HISTORICAL AIR QUALITY DATA
Source: US Department of State Air Quality Monitoring Program (http://stateair.net/)
- PM 2.5 concentration levels which indicate air quality for five different cities in China
- Each dataset spans one year and concentration measurements are recorded hourly every day
- We selected 2016 for our analysis because our mobile activity and mask sales data is also within that year, so our research is narrowed into this time frame.
BACKGROUND
PM2.5 refers to atmospheric particulate matter (PM) that have a diameter of less than 2.5 micrometers, which is about 3% the diameter of a human hair.
Since they are so small and light, fine particles tend to stay longer in the air than heavier particles. This increases the chances of humans and animals inhaling them into the bodies. Owing to their minute size, particles smaller than 2.5 micrometers are able to bypass the nose and throat and penetrate deep into the lungs and some may even enter the circulatory system. Studies have found a close link between exposure to fine particles and premature death from heart and lung disease. Fine particles are also known to trigger or worsen chronic disease such as asthma, heart attack, bronchitis and other respiratory problems.
Due to its detrimental effect on people’s health, we chose the concentration of PM2.5 as the indicator of air quality. This hourly-recorded concentration data was collected from the U.S Department of state, focusing on the five cities we worked on.
figure 1: 24-Hour PM2.5 Standard (μg/m3)

MASK SALES VOLUME
Source: https://www.huidianshang.com/
Recent years China saw a growing demand for filtration masks, pollution monitors, air purifiers and other anti-pollution gadgets. From December 16 to December 20, the five-day stretch when China’s air pollution was at its worst in 2016, domestic consumers bought 110,000 air purifiers through its online marketplaces, up 210 percent year-on-year, according to data from JD.com Inc.

Photo by Kevin Frayer/Getty Images
Knowing this, we decided to use the sales volume of anti-pollution masks as an indicator of people’s reaction to smog. We gathered this monthly data from Hui Dian Shang–a trade analysis website dedicated to Taobao (china’s biggest e-commerce platform) and made a line chart.
Unfortunately, the sales data doesn’t give any information about which city those masks were sold to. Also, it only shows the sales volume of all types of masks, including anti-smog ones and regular ones. However, Taobao is China’s biggest online-shopping platform and is significant enough to analyze patterns from, although it is not completely representative on region-specific areas.
DEMOGRAPHICS: INCOME & POPULATION
Source: (http://www.stats.gov.cn/english/Statisticaldata/AnnualData/)
Because we also wanted to see if there’s any connection between each city’s economic status and its air quality, we chose the disposable income as an indicator. The data was collected from each city’s bureau of statistics.

Additionally, we wanted to see if there was any relationship between population density and air quality. We collected population values for each region in 2016.
PROVINCE SHAPEFILE
Source: NYU Spatial Data Repository (https://geo.nyu.edu/catalog/nyu-2451-33920)

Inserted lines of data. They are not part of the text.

theorem lemma1:
  fixes M :: "'w measure"
    and X :: "'w \<Rightarrow> real^'p" and S L A R :: "'w \<Rightarrow> real"
    and \<L> :: "real set" and l \<epsilon> c0 \<beta> B0 :: real
    and f0 f1 :: "real^('p + bool) \<Rightarrow> real"
    and f :: "real \<Rightarrow> real^('p + bool) \<Rightarrow> real"
  defines "Z \<equiv> (\<lambda>w. Zvec (X w) (S w) (L w))"
    and "\<delta> \<equiv> (\<lambda>z. f1 z - f0 z)"
  assumes prob: "prob_space M"
    and meas: "X \<in> borel_measurable M" "S \<in> borel_measurable M" "L \<in> borel_measurable M"
      "A \<in> borel_measurable M" "R \<in> borel_measurable M"
    and R_int: "integrable M R"
    and S_vals: "\<forall>w\<in>space M. S w \<in> {0, 1}"
    and A_vals: "\<forall>w\<in>space M. A w \<in> {1, -1}"
    and L_fin: "finite \<L>" and L_vals: "\<forall>w\<in>space M. L w \<in> \<L>"
    and Z_cube: "\<forall>w\<in>space M. Z w \<in> unit_cube"
    and f1_ce: "\<forall>B\<in>sets borel.
        (\<integral>w. indicator {w\<in>space M. A w = 1 \<and> Z w \<in> B} w * R w \<partial>M)
      = (\<integral>w. indicator {w\<in>space M. A w = 1 \<and> Z w \<in> B} w * f1 (Z w) \<partial>M)"
    and f0_ce: "\<forall>B\<in>sets borel.
        (\<integral>w. indicator {w\<in>space M. A w = -1 \<and> Z w \<in> B} w * R w \<partial>M)
      = (\<integral>w. indicator {w\<in>space M. A w = -1 \<and> Z w \<in> B} w * f0 (Z w) \<partial>M)"
    and l_in: "l \<in> \<L>" and eps: "\<epsilon> \<ge> 0"
    and f_dec: "\<forall>\<omega>. \<forall>w\<in>space M. (f \<omega> (Z w) > 0) \<longleftrightarrow>
        (\<delta> (Z w) - \<omega> * (if L w = l then 1 else 0) * psi M S L l (S w) > 0)"
    and G_cont: "continuous_on UNIV (Gfun M S L Z f l)"
    and C1: "c0 > 0" "\<forall>s\<in>{0, 1}. \<forall>l'\<in>\<L>. cprob M S L s l' > c0"
    and C4: "\<beta> > 0" "holder_class \<beta> B0 f0" "holder_class \<beta> B0 f1"
  shows "(\<forall>\<omega>1 \<omega>2. \<omega>1 \<le> \<omega>2 \<longrightarrow> Gfun M S L Z f l \<omega>2 \<le> Gfun M S L Z f l \<omega>1)
    \<and> (\<forall>\<omega>1 \<omega>2. \<omega>1 \<le> \<omega>2 \<and> \<omega>2 \<le> 0 \<longrightarrow> Vfun M Z f \<delta> \<omega>1 \<le> Vfun M Z f \<delta> \<omega>2)
    \<and> (\<forall>\<omega>1 \<omega>2. 0 < \<omega>1 \<and> \<omega>1 \<le> \<omega>2 \<longrightarrow> Vfun M Z f \<delta> \<omega>2 \<le> Vfun M Z f \<delta> \<omega>1)
    \<and> (\<exists>K > 0.
         (Gfun M S L Z f l 0 > \<epsilon> \<longrightarrow> (\<exists>\<omega>\<in>{0<..<K}. Gfun M S L Z f l \<omega> = \<epsilon>))
       \<and> (Gfun M S L Z f l 0 < - \<epsilon> \<longrightarrow> (\<exists>\<omega>\<in>{-K<..<0}. Gfun M S L Z f l \<omega> = - \<epsilon>)))"
proof -
  interpret prob_space M by (rule prob)
  have "0 < cprob M S L 0 l" "0 < cprob M S L 1 l"
    using C1 l_in by force+
  then interpret bounded_threshold_rule M "\<lambda>w. \<delta> (Z w)" "fairness_weight M S L l" "2 * B0"
    using meas S_vals Z_cube C4 unfolding \<delta>_def
    by unfold_locales (auto intro: integrable_fairness_weight fairness_weight_gap
        integrable_holder_difference holder_difference_bounded borel_measurable_Zvec simp: Z_def)
  have rule_eq: "(if f \<omega> (Z w) > 0 then 1 else 0)
      = threshold_ind (\<delta> (Z w)) (fairness_weight M S L l w) \<omega>"
    if "w \<in> space M" for w \<omega>
    using f_dec that by (simp add: threshold_ind_def fairness_weight_def mult.assoc)
  have G_eq: "Gfun M S L Z f l = G"
    unfolding Gfun_def G_def
    by (intro ext Bochner_Integration.integral_cong)
      (simp_all add: rule_eq fairness_weight_def mult.assoc)
  have V_eq: "Vfun M Z f \<delta> = V"
    unfolding Vfun_def V_def by (intro ext Bochner_Integration.integral_cong) (simp_all add: rule_eq)
  show ?thesis
    unfolding G_eq V_eq
  proof (intro conjI allI impI exI[of _ "2 * B0 + 1"])
    show "0 < 2 * B0 + 1" using holder_class_bound_nonneg[OF C4(2)] by simp
    show "\<exists>\<omega>\<in>{0<..<2 * B0 + 1}. G \<omega> = \<epsilon>" if "\<epsilon> < G 0"
      using G_attains_pos_level[OF _ eps that] G_cont G_eq by fastforce
    show "\<exists>\<omega>\<in>{- (2 * B0 + 1)<..<0}. G \<omega> = - \<epsilon>" if "G 0 < - \<epsilon>"
      using G_attains_neg_level[OF _ eps that] G_cont G_eq by fastforce
  qed (auto intro: G_antimono V_mono_nonpos V_antimono_nonneg)
qed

This shapefile was found for mapping purposes. We were able to map the boundaries of each province and highlight the 5 regions we are focusing our research on.

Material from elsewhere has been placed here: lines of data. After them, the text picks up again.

lemma optimal_policy_exponential_bound:
  assumes opt: "optimal_policy f U R Q \<gamma> p" and "0 < \<gamma>" "\<gamma> < 1"
    and "0 < q" "q \<le> a" and Q_ge: "\<And>x. q * (norm x)\<^sup>2 \<le> x \<bullet> (Q *v x)"
    and V_bound: "\<And>x. ereal (R / (1 - \<gamma>)) - V_disc f U R Q \<gamma> x \<le> ereal (a * (norm x)\<^sup>2)"
  shows "(norm (cl_traj f p x k))\<^sup>2 \<le> a / q * ((1 - q / a) / \<gamma>)^k * (norm x)\<^sup>2"
proof -
  let ?W = "cost_to_go f p Q \<gamma>" and ?\<rho> = "(1 - q / a) / \<gamma>"
  have "0 < a"
    using \<open>0 < q\<close> \<open>q \<le> a\<close> by linarith
  have Q_nonneg: "0 \<le> y \<bullet> (Q *v y)" for y
    using Q_ge[of y] \<open>0 < q\<close> by (meson order_trans zero_le_mult_iff zero_le_power2 less_imp_le)
  note cost_le = optimal_cost_to_go_le[OF opt less_imp_le[OF \<open>0 < \<gamma>\<close>] \<open>\<gamma> < 1\<close> Q_nonneg V_bound]
  have Bellman: "?W y = y \<bullet> (Q *v y) + \<gamma> * ?W (f y (p y))" for y
    using cost_le(1) by (rule cost_to_go_Bellman)
  have W_nonneg: "0 \<le> ?W y" for y
    unfolding cost_to_go_def using cost_le(1) Q_nonneg \<open>0 < \<gamma>\<close> by (intro suminf_nonneg) auto
  have W_ge: "q * (norm y)\<^sup>2 \<le> ?W y" for y
  proof -
    have "0 \<le> \<gamma> * ?W (f y (p y))"
      using W_nonneg \<open>0 < \<gamma>\<close> by simp
    then show ?thesis
      using Q_ge[of y] Bellman[of y] by linarith
  qed
  have "?W (f y (p y)) \<le> ?\<rho> * ?W y" for y
    using \<open>0 < q\<close> \<open>0 < a\<close> \<open>0 < \<gamma>\<close> Q_ge cost_le(2) Bellman
    by (rule quadratic_lyapunov_contraction)
  moreover have "0 \<le> ?\<rho>"
    using assms by simp
  ultimately have decay: "?W (cl_traj f p x k) \<le> ?\<rho>^k * ?W x"
    by (rule cl_traj_decay)
  have "q * (norm (cl_traj f p x k))\<^sup>2 \<le> ?W (cl_traj f p x k)"
    by (rule W_ge)
  also have "\<dots> \<le> ?\<rho>^k * ?W x"
    by (rule decay)
  also have "\<dots> \<le> ?\<rho>^k * (a * (norm x)\<^sup>2)"
    using cost_le(2)[of x] \<open>0 \<le> ?\<rho>\<close> by (intro mult_left_mono) auto
  finally have "q * (norm (cl_traj f p x k))\<^sup>2 \<le> ?\<rho>^k * (a * (norm x)\<^sup>2)" .
  then show ?thesis
    using \<open>0 < q\<close> \<open>0 < \<gamma>\<close> by (simp add: field_simps)
qed

lemma asym_stable_origin_if_exponential_bound:
  fixes f :: "real^'n \<Rightarrow> 'c \<Rightarrow> real^'n"
  assumes "0 < C" "0 \<le> \<rho>" "\<rho> < 1"
    and bound: "\<And>x k. (norm (cl_traj f p x k))\<^sup>2 \<le> C * \<rho>^k * (norm x)\<^sup>2"
  shows "asym_stable_origin f p"
proof -
  have less_eps: "norm (cl_traj f p x k) < \<epsilon>" if "C * \<rho>^k * (norm x)\<^sup>2 < \<epsilon>\<^sup>2" "0 < \<epsilon>"
    for x k and \<epsilon> :: real
    using bound[of x k] that by (intro power2_less_imp_less[of _ \<epsilon>]) auto
  have stable: "\<exists>\<delta>>0. \<forall>x. norm x < \<delta> \<longrightarrow> (\<forall>k. norm (cl_traj f p x k) < \<epsilon>)" if "0 < \<epsilon>" for \<epsilon>
  proof (intro exI conjI allI impI)
    let ?\<delta> = "sqrt (\<epsilon>\<^sup>2 / C)"
    show "0 < ?\<delta>"
      using \<open>0 < C\<close> \<open>0 < \<epsilon>\<close> by simp
    fix x :: "real^'n" and k assume "norm x < ?\<delta>"
    then have "(norm x)\<^sup>2 < ?\<delta>\<^sup>2"
      by (simp add: power_strict_mono)
    also have "?\<delta>\<^sup>2 = \<epsilon>\<^sup>2 / C"
      using \<open>0 < C\<close> by simp
    finally have "C * (norm x)\<^sup>2 < \<epsilon>\<^sup>2"
      using \<open>0 < C\<close> by (simp add: pos_less_divide_eq mult.commute)
    moreover have "C * \<rho>^k * (norm x)\<^sup>2 \<le> C * (norm x)\<^sup>2"
      using assms by (intro mult_right_mono mult_left_le power_le_one) auto
    ultimately show "norm (cl_traj f p x k) < \<epsilon>"
      using \<open>0 < \<epsilon>\<close> by (intro less_eps) auto
  qed
  have attractive: "\<exists>N. \<forall>x. norm x < 1 \<longrightarrow> (\<forall>k\<ge>N. norm (cl_traj f p x k) < \<epsilon>)" if "0 < \<epsilon>" for \<epsilon>
  proof -
    obtain N where N: "\<rho>^N < \<epsilon>\<^sup>2 / C"
      using real_arch_pow_inv[of "\<epsilon>\<^sup>2 / C" \<rho>] assms \<open>0 < \<epsilon>\<close> by auto
    show ?thesis
    proof (intro exI allI impI)
      fix x :: "real^'n" and k assume "norm x < 1" "N \<le> k"
      have "C * \<rho>^k * (norm x)\<^sup>2 \<le> C * \<rho>^N * 1"
        using \<open>norm x < 1\<close> \<open>N \<le> k\<close> assms by (intro mult_mono) (auto simp: power_decreasing power_le_one)
      also have "\<dots> < \<epsilon>\<^sup>2"
        using N \<open>0 < C\<close> by (simp add: pos_less_divide_eq mult.commute)
      finally show "norm (cl_traj f p x k) < \<epsilon>"
        using \<open>0 < \<epsilon>\<close> by (rule less_eps)
    qed
  qed
  show ?thesis
    unfolding asym_stable_origin_def using stable attractive zero_less_one by blast
qed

The province areas are important to be able to map to show where patterns of mobile activity occur as well as using to calculate how much activity was in each region.
MOBILE ACTIVITY
Source: Kaggle (https://www.kaggle.com/chinapage/china-mobile-user-gemographics)
The dataset is collected from TalkingData, a third-party mobile data platform in China that works with various mobile apps to log information every time a user opens one of the many integrated apps.
- 3 million data points (~1000 MB)
- device ID’s (distinguishes unique users)
- timestamps
- coordinates
An essential and foremost thing we were thinking about was which was indicator we could use for representing urban activities. In the research paper done collectively by MIT and Tongji University (Yan, Duarte, Wang, Zheng & Ratti, 2018), researchers used the social media check-in data from Sina Weibo micro-blogging microform, the Chinese version of Twitter as the indicator of people’s urban activity data. As mobile devices are ubiquitous (Chinese person surveyed owns at least a basic mobile phone (98%)). We thus used the data from Kaggle. The Data is collected from TalkingData SDK integrated within mobile apps. TalkingData serves under the service term between TalkingData and mobile app developers. Kaggle data was collected based on full recognition and consent from individual user of those apps have been obtained, and appropriate anonymization have been performed to protect privacy.
Check-in data can be used as a proxy indicator for activity within a region. This is meant to be analyzed in relation to air quality over the same time period as the check-in dataset.